(Task to complete) Among the entries below, please repeat exactly and only the lines from the line containing "card V \<and>" to the line containing "spanning_tree V E \<and>", both lines included.

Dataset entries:
----------
(* There is an absolute constant $c>0$ such that for every instance $I$ of continuous BGT with $n\ge2$ and growth rates normalized so that $\sum_i h_i=1$, the schedule produced by Algorithm 3 satisfies $\mathrm{MH}\le c\cdot\log_2 n\cdot\mathrm{OPT}(I)$. Algorithm 3: let $s=\lceil 2\log_2 n\rceil$, $V_0=\{v_j: h_j\le n^{-2}\}$, enumerated as $v'_0,\dots,v'_{\ell-1}$, and for $i=1,\dots,s$, $V_i=\{v_j: 2^{i-1}n^{-2}<h_j\le 2^i n^{-2}\}$. For each nonempty $V_i$ ($i\ge1$) compute a minimum spanning tree $T_i$ of $V_i$ and a directed closed Euler tour $C_i$ of $T_i$ (a cyclic walk traversing each edge twice), marking an arbitrary point of $C_i$ as its "last visited point". Set $j=0$. The robot starts at $v_1$ and repeats forever: (a) for $i=1,\dots,s$ with $V_i\ne\emptyset$: travel directly to the last visited point of $C_i$; then, if $|V_i|\ge2$, walk along $C_i$ in the tour direction, stopping at the first tour vertex at which the distance covered along $C_i$ in this phase is at least $D$, and make it the new last visited point of $C_i$; (b) if $V_0\ne\emptyset$, travel directly to $v'_j$ and set $j\leftarrow (j+1)\bmod \ell$. Bamboos are cut whenever the robot is at their point.
   Context: Continuous BGT: bamboos at points $V=\{v_1,\dots,v_n\}$, growth rates $h_1\ge\dots\ge h_n>0$, initial heights $0$; symmetric travel times $t_{i,j}>0$ ($i\ne j$) satisfying the triangle inequality. The robot starts at $v_1$ at time $0$, moving from $v_i$ to $v_j$ takes time $t_{i,j}$, and the bamboo at a point is cut instantaneously to $0$ whenever the robot is there. Height of $b_i$ at time $t$ = $h_i$ times time since its last cut (or since $0$). $\mathrm{MH}$ = supremum of all heights over all times; $\mathrm{OPT}(I)$ = infimum of $\mathrm{MH}$ over all robot walks. $D=\max_{i,j}t_{i,j}$. *)

theory Defs
  imports Complex_Main "HOL-Library.Multiset" "HOL-Library.Stream" "HOL-Library.Extended_Real"
begin

(* Points v_1..v_n are encoded as 0..n-1 (v_1 = 0).  h i = growth rate of the
   bamboo at point i, t i j = travel time between i and j (only used for i ~= j). *)

definition bgt_instance :: "nat \<Rightarrow> (nat \<Rightarrow> real) \<Rightarrow> (nat \<Rightarrow> nat \<Rightarrow> real) \<Rightarrow> bool" where
  "bgt_instance n h t \<longleftrightarrow>
     (\<forall>i j. i \<le> j \<longrightarrow> j < n \<longrightarrow> h j \<le> h i) \<and>
     (\<forall>i<n. 0 < h i) \<and>
     (\<forall>i<n. \<forall>j<n. i \<noteq> j \<longrightarrow> 0 < t i j \<and> t i j = t j i) \<and>
     (\<forall>i<n. \<forall>j<n. \<forall>k<n. i \<noteq> j \<and> j \<noteq> k \<and> i \<noteq> k \<longrightarrow> t i k \<le> t i j + t j k)"

definition tt :: "(nat \<Rightarrow> nat \<Rightarrow> real) \<Rightarrow> nat \<Rightarrow> nat \<Rightarrow> real" where
  "tt t i j = (if i = j then 0 else t i j)"

definition Dmax :: "nat \<Rightarrow> (nat \<Rightarrow> nat \<Rightarrow> real) \<Rightarrow> real" where
  "Dmax n t = Max {t i j | i j. i < n \<and> j < n \<and> i \<noteq> j}"

definition robot_walks :: "nat \<Rightarrow> (nat \<Rightarrow> nat) set" where
  "robot_walks n = {w. w 0 = 0 \<and> (\<forall>k. w k < n)}"

definition arrival :: "(nat \<Rightarrow> nat \<Rightarrow> real) \<Rightarrow> (nat \<Rightarrow> nat) \<Rightarrow> nat \<Rightarrow> real" where
  "arrival t w k = (\<Sum>m<k. tt t (w m) (w (Suc m)))"

definition last_cut :: "(nat \<Rightarrow> nat \<Rightarrow> real) \<Rightarrow> (nat \<Rightarrow> nat) \<Rightarrow> nat \<Rightarrow> real \<Rightarrow> real" where
  "last_cut t w i \<tau> = Sup ({0} \<union> {arrival t w k | k. w k = i \<and> arrival t w k \<le> \<tau>})"

definition height :: "(nat \<Rightarrow> real) \<Rightarrow> (nat \<Rightarrow> nat \<Rightarrow> real) \<Rightarrow> (nat \<Rightarrow> nat) \<Rightarrow> nat \<Rightarrow> real \<Rightarrow> real" where
  "height h t w i \<tau> = h i * (\<tau> - last_cut t w i \<tau>)"

definition MH :: "nat \<Rightarrow> (nat \<Rightarrow> real) \<Rightarrow> (nat \<Rightarrow> nat \<Rightarrow> real) \<Rightarrow> (nat \<Rightarrow> nat) \<Rightarrow> ereal" where
  "MH n h t w = (SUP p \<in> {..<n} \<times> {0::real..}. ereal (height h t w (fst p) (snd p)))"

definition OPT :: "nat \<Rightarrow> (nat \<Rightarrow> real) \<Rightarrow> (nat \<Rightarrow> nat \<Rightarrow> real) \<Rightarrow> ereal" where
  "OPT n h t = (INF w \<in> robot_walks n. MH n h t w)"

definition alg_s :: "nat \<Rightarrow> nat" where
  "alg_s n = nat \<lceil>2 * log 2 (real n)\<rceil>"

definition cls0 :: "nat \<Rightarrow> (nat \<Rightarrow> real) \<Rightarrow> nat set" where
  "cls0 n h = {j. j < n \<and> h j \<le> 1 / (real n)^2}"

definition cls :: "nat \<Rightarrow> (nat \<Rightarrow> real) \<Rightarrow> nat \<Rightarrow> nat set" where
  "cls n h i = {j. j < n \<and> 2^(i-1) / (real n)^2 < h j \<and> h j \<le> 2^i / (real n)^2}"

definition spanning_tree :: "nat set \<Rightarrow> (nat \<times> nat) set \<Rightarrow> bool" where
  "spanning_tree V E \<longleftrightarrow>
     E \<subseteq> {(a,b). a \<in> V \<and> b \<in> V \<and> a < b} \<and> card E + 1 = card V \<and>
     (\<forall>a\<in>V. \<forall>b\<in>V. (a,b) \<in> (E \<union> E\<inverse>)\<^sup>*)"

definition tree_weight :: "(nat \<Rightarrow> nat \<Rightarrow> real) \<Rightarrow> (nat \<times> nat) set \<Rightarrow> real" where
  "tree_weight t E = (\<Sum>(a,b)\<in>E. t a b)"

definition min_spanning_tree :: "(nat \<Rightarrow> nat \<Rightarrow> real) \<Rightarrow> nat set \<Rightarrow> (nat \<times> nat) set \<Rightarrow> bool" where
  "min_spanning_tree t V E \<longleftrightarrow> spanning_tree V E \<and>
     (\<forall>E'. spanning_tree V E' \<longrightarrow> tree_weight t E \<le> tree_weight t E')"

(* closed directed Euler tour of the doubled tree, as a cyclic list of points *)
definition euler_tour :: "nat set \<Rightarrow> (nat \<times> nat) set \<Rightarrow> nat list \<Rightarrow> bool" where
  "euler_tour V E cs \<longleftrightarrow>
     (if card V = 1 then cs = [the_elem V]
      else cs \<noteq> [] \<and>
        mset (map (\<lambda>k. (cs ! k, cs ! ((k + 1) mod length cs))) [0..<length cs])
          = mset_set (E \<union> E\<inverse>))"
----------
(Exercise solution)
     E \<subseteq> {(a,b). a \<in> V \<and> b \<in> V \<and> a < b} \<and> card E + 1 = card V \<and>
     (\<forall>a\<in>V. \<forall>b\<in>V. (a,b) \<in> (E \<union> E\<inverse>)\<^sup>*)"

definition tree_weight :: "(nat \<Rightarrow> nat \<Rightarrow> real) \<Rightarrow> (nat \<times> nat) set \<Rightarrow> real" where
  "tree_weight t E = (\<Sum>(a,b)\<in>E. t a b)"

definition min_spanning_tree :: "(nat \<Rightarrow> nat \<Rightarrow> real) \<Rightarrow> nat set \<Rightarrow> (nat \<times> nat) set \<Rightarrow> bool" where
  "min_spanning_tree t V E \<longleftrightarrow> spanning_tree V E \<and>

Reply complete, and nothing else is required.